9:07 p.m. Seto recalls how difficult it was to determine the end of the 2011 Notre Dame game, which included overtime periods. He describes the logistical tactics that were used. Higgins has more questions. She says there were many issues associated with the 2011 street closures, that perhaps Seto wasn’t aware of. She stresses that after the first three games the residents want a review of how well things are working. Seto assures Higgins that will be done.
Higgins asks what will happen if it turns out that the logistics aren’t working out. She ventures that the resolution should be modified to reflect that.
Briere asks public services area administrator Craig Hupy to come to the podium.

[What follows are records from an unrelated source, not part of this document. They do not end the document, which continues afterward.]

(* Let $g:\mathbb{R}^n\to\mathbb{R}$ be a convex, continuously differentiable function and let $f_d:\mathbb{R}^n\to\mathbb{R}^n$ be continuously differentiable such that $x\mapsto g(f_d(x))$ is concave. Then the optimization problem $$\max_{\alpha\ge 0}\ \min_{x\in\mathbb{R}^n}\ \{\alpha g(x)-g(f_d(x))\}$$ is equivalent to the nonlinear optimization problem $$\max_{x\in\mathbb{R}^n,\ \alpha\in\mathbb{R}}\ \{\alpha g(x)-g(f_d(x)) : \alpha\nabla_x g(x)-\nabla_x\big(g(f_d(x))\big)=0,\ \alpha\ge 0\}.$$ *)

theory Defs
  imports "HOL-Analysis.Analysis"
begin

definition cont_diff1 :: "('a::euclidean_space \<Rightarrow> 'b::real_normed_vector) \<Rightarrow> bool" where
  "cont_diff1 f \<longleftrightarrow> (\<exists>f'. (\<forall>x. (f has_derivative blinfun_apply (f' x)) (at x))
                         \<and> continuous_on UNIV f')"

definition grad :: "('a::real_inner \<Rightarrow> real) \<Rightarrow> 'a \<Rightarrow> 'a" where
  "grad f x = (SOME D. GDERIV f x :> D)"

end

theory Submission
  imports Defs
begin

text \<open>For every \<open>\<alpha> \<ge> 0\<close> the inner objective \<open>\<alpha> g - g \<circ> f\<^sub>d\<close> is convex, being a
  nonnegative multiple of a convex function minus a concave one. For a differentiable
  convex function the first-order condition characterises the global minimisers, so the
  pairs \<open>(x, \<alpha>)\<close> with \<open>x\<close> a minimiser are exactly the pairs satisfying the stationarity
  constraint, and both problems maximise the same objective over the same set.\<close>

lemma has_derivative_imp_gderiv_adjoint:
  fixes f :: "'a::euclidean_space \<Rightarrow> real"
  assumes "(f has_derivative L) (at x)"
  shows "GDERIV f x :> adjoint L 1"
proof -
  have "linear L"
    using assms by (rule has_derivative_linear)
  then have "L = (\<lambda>h. h \<bullet> adjoint L 1)"
    by (auto simp: adjoint_works)
  with assms show ?thesis
    by (simp add: gderiv_def)
qed

lemma gderiv_grad:
  fixes f :: "'a::euclidean_space \<Rightarrow> real"
  assumes "f differentiable (at x)"
  shows "GDERIV f x :> grad f x"
proof -
  obtain L where "(f has_derivative L) (at x)"
    using assms by (auto simp: differentiable_def)
  then have "GDERIV f x :> adjoint L 1"
    by (rule has_derivative_imp_gderiv_adjoint)
  then show ?thesis
    unfolding grad_def by (rule someI)
qed

lemma cont_diff1_imp_differentiable:
  assumes "cont_diff1 f"
  shows "f differentiable (at x)"
  using assms by (auto simp: cont_diff1_def differentiable_def)

lemma convex_on_UNIV_above_tangent:
  fixes h :: "'a::real_normed_vector \<Rightarrow> real"
  assumes convex: "convex_on UNIV h" and deriv: "(h has_derivative L) (at x)"
  shows "h x + L (y - x) \<le> h y"
proof -
  define \<phi> where "\<phi> t = h (x + t *\<^sub>R (y - x))" for t :: real
  have "((\<lambda>t. x + t *\<^sub>R (y - x)) has_derivative (\<lambda>t. t *\<^sub>R (y - x))) (at 0)"
    by (auto intro!: derivative_eq_intros)
  then have "(\<phi> has_derivative (\<lambda>t. L (t *\<^sub>R (y - x)))) (at 0)"
    unfolding \<phi>_def by (rule has_derivative_compose) (simp add: deriv)
  then have "(\<phi> has_real_derivative L (y - x)) (at 0)"
    unfolding has_field_derivative_def
    by (rule has_derivative_eq_rhs) (auto simp: linear_scale[OF has_derivative_linear[OF deriv]])
  moreover have "convex_on UNIV \<phi>"
  proof (rule convex_onI)
    fix s t u :: real assume u: "0 < u" "u < 1"
    have "x + ((1 - u) * s + u * t) *\<^sub>R (y - x)
        = (1 - u) *\<^sub>R (x + s *\<^sub>R (y - x)) + u *\<^sub>R (x + t *\<^sub>R (y - x))"
      by (simp add: algebra_simps)
    then show "\<phi> ((1 - u) *\<^sub>R s + u *\<^sub>R t) \<le> (1 - u) * \<phi> s + u * \<phi> t"
      unfolding \<phi>_def using convex_onD[OF convex, of u] u by simp
  qed simp
  ultimately have "\<phi> 1 - \<phi> 0 \<ge> L (y - x) * (1 - 0)"
    by (intro convex_on_imp_above_tangent) auto
  then show ?thesis
    unfolding \<phi>_def by simp
qed

lemma convex_on_UNIV_minimum_iff_derivative_zero:
  fixes h :: "'a::real_normed_vector \<Rightarrow> real"
  assumes "convex_on UNIV h" and "(h has_derivative L) (at x)"
  shows "(\<forall>y. h x \<le> h y) \<longleftrightarrow> L = (\<lambda>v. 0)"
  using differential_zero_maxmin[of x UNIV h L] convex_on_UNIV_above_tangent[OF assms] assms(2)
  by auto

lemma convex_on_UNIV_minimum_iff_gderiv_zero:
  fixes h :: "'a::real_inner \<Rightarrow> real"
  assumes "convex_on UNIV h" and "GDERIV h x :> D"
  shows "(\<forall>y. h x \<le> h y) \<longleftrightarrow> D = 0"
proof -
  have "(\<forall>y. h x \<le> h y) \<longleftrightarrow> (\<lambda>v. v \<bullet> D) = (\<lambda>v. 0)"
    using assms by (simp add: gderiv_def convex_on_UNIV_minimum_iff_derivative_zero)
  also have "\<dots> \<longleftrightarrow> D = 0"
    by (metis inner_eq_zero_iff inner_zero_right)
  finally show ?thesis .
qed

theorem theorem7:
  fixes g :: "real ^ 'n \<Rightarrow> real" and fd :: "real ^ 'n \<Rightarrow> real ^ 'n"
  assumes "convex_on UNIV g" and "cont_diff1 g"
    and "cont_diff1 fd"
    and "concave_on UNIV (\<lambda>x. g (fd x))"
  shows "(\<forall>\<alpha> x. \<alpha> \<ge> 0 \<longrightarrow>
            ((\<forall>y. \<alpha> * g x - g (fd x) \<le> \<alpha> * g y - g (fd y)) \<longleftrightarrow>
             \<alpha> *\<^sub>R grad g x - grad (\<lambda>z. g (fd z)) x = 0))
    \<and> (SUP p \<in> {(x, \<alpha>). \<alpha> \<ge> 0 \<and> (\<forall>y. \<alpha> * g x - g (fd x) \<le> \<alpha> * g y - g (fd y))}.
          ereal (snd p * g (fst p) - g (fd (fst p))))
      = (SUP p \<in> {(x, \<alpha>). \<alpha> \<ge> 0 \<and> \<alpha> *\<^sub>R grad g x - grad (\<lambda>z. g (fd z)) x = 0}.
          ereal (snd p * g (fst p) - g (fd (fst p))))"
proof -
  have stationary_iff_minimum:
    "(\<forall>y. \<alpha> * g x - g (fd x) \<le> \<alpha> * g y - g (fd y)) \<longleftrightarrow>
     \<alpha> *\<^sub>R grad g x - grad (\<lambda>z. g (fd z)) x = 0" if "\<alpha> \<ge> 0" for \<alpha> x
  proof (rule convex_on_UNIV_minimum_iff_gderiv_zero)
    show "convex_on UNIV (\<lambda>y. \<alpha> * g y - g (fd y))"
      using \<open>\<alpha> \<ge> 0\<close> assms(1,4) by (intro convex_on_diff convex_on_cmul)
    have "g differentiable (at x)" "(\<lambda>z. g (fd z)) differentiable (at x)"
      using assms(2,3) differentiable_chain_at[of fd x g]
      by (auto simp: cont_diff1_imp_differentiable o_def)
    then show "GDERIV (\<lambda>y. \<alpha> * g y - g (fd y)) x :> \<alpha> *\<^sub>R grad g x - grad (\<lambda>z. g (fd z)) x"
      using GDERIV_mult[OF GDERIV_const gderiv_grad] by (intro GDERIV_diff gderiv_grad) auto
  qed
  then have "{(x, \<alpha>). \<alpha> \<ge> 0 \<and> (\<forall>y. \<alpha> * g x - g (fd x) \<le> \<alpha> * g y - g (fd y))}
      = {(x, \<alpha>). \<alpha> \<ge> 0 \<and> \<alpha> *\<^sub>R grad g x - grad (\<lambda>z. g (fd z)) x = 0}"
    by auto
  with stationary_iff_minimum show ?thesis
    by simp
qed

end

She asks about increased traffic flow in neighborhood streets, citing the possibility of increased deterioration of streets due to added traffic. Hupy indicates that would be minimal compared to the amount of traffic volume over the entire life of the street. Hupy says that the concern is about diminished traffic, which could have a negative impact on the lawn parking that residents enjoy.
9:07 p.m. Lumm now wants to move to amend the resolution to make the closure of the SB lane on South Main restricted to just one hour before the game start.
Outcome on Lumm’s amendment: The amendment passes unanimously.
9:14 p.m. Warpehoski says he lived in Washington D.C. on 9/11. Many people had mourned the increased “locked down” status. Now, however, he weighs the question of “What if I’m wrong?”
Kunselman follows up on the issue of reimbursement by UM for the signs and signals work. Hupy says that when the city has billed the UM, they have been paid. Kunselman says as everyone knows, he works at the university. [Kunselman is a Planet Blue energy conservation liaison.] He calls it a public safety issue. He recalls being able to sneak in through a hole in the fence. It’s a changing world and we have to accommodate the change, Kunselman says. He’ll support the resolution.
9:14 p.m. Briere wants to review the procedures soon enough to take action at the Oct. 7 council meeting. Higgins says that she wants to add a resolved clause that following the first three football games, the AAPD will meet with the neighborhood and bring recommendations to the Oct. 7 meeting. Briere says she’ll support that.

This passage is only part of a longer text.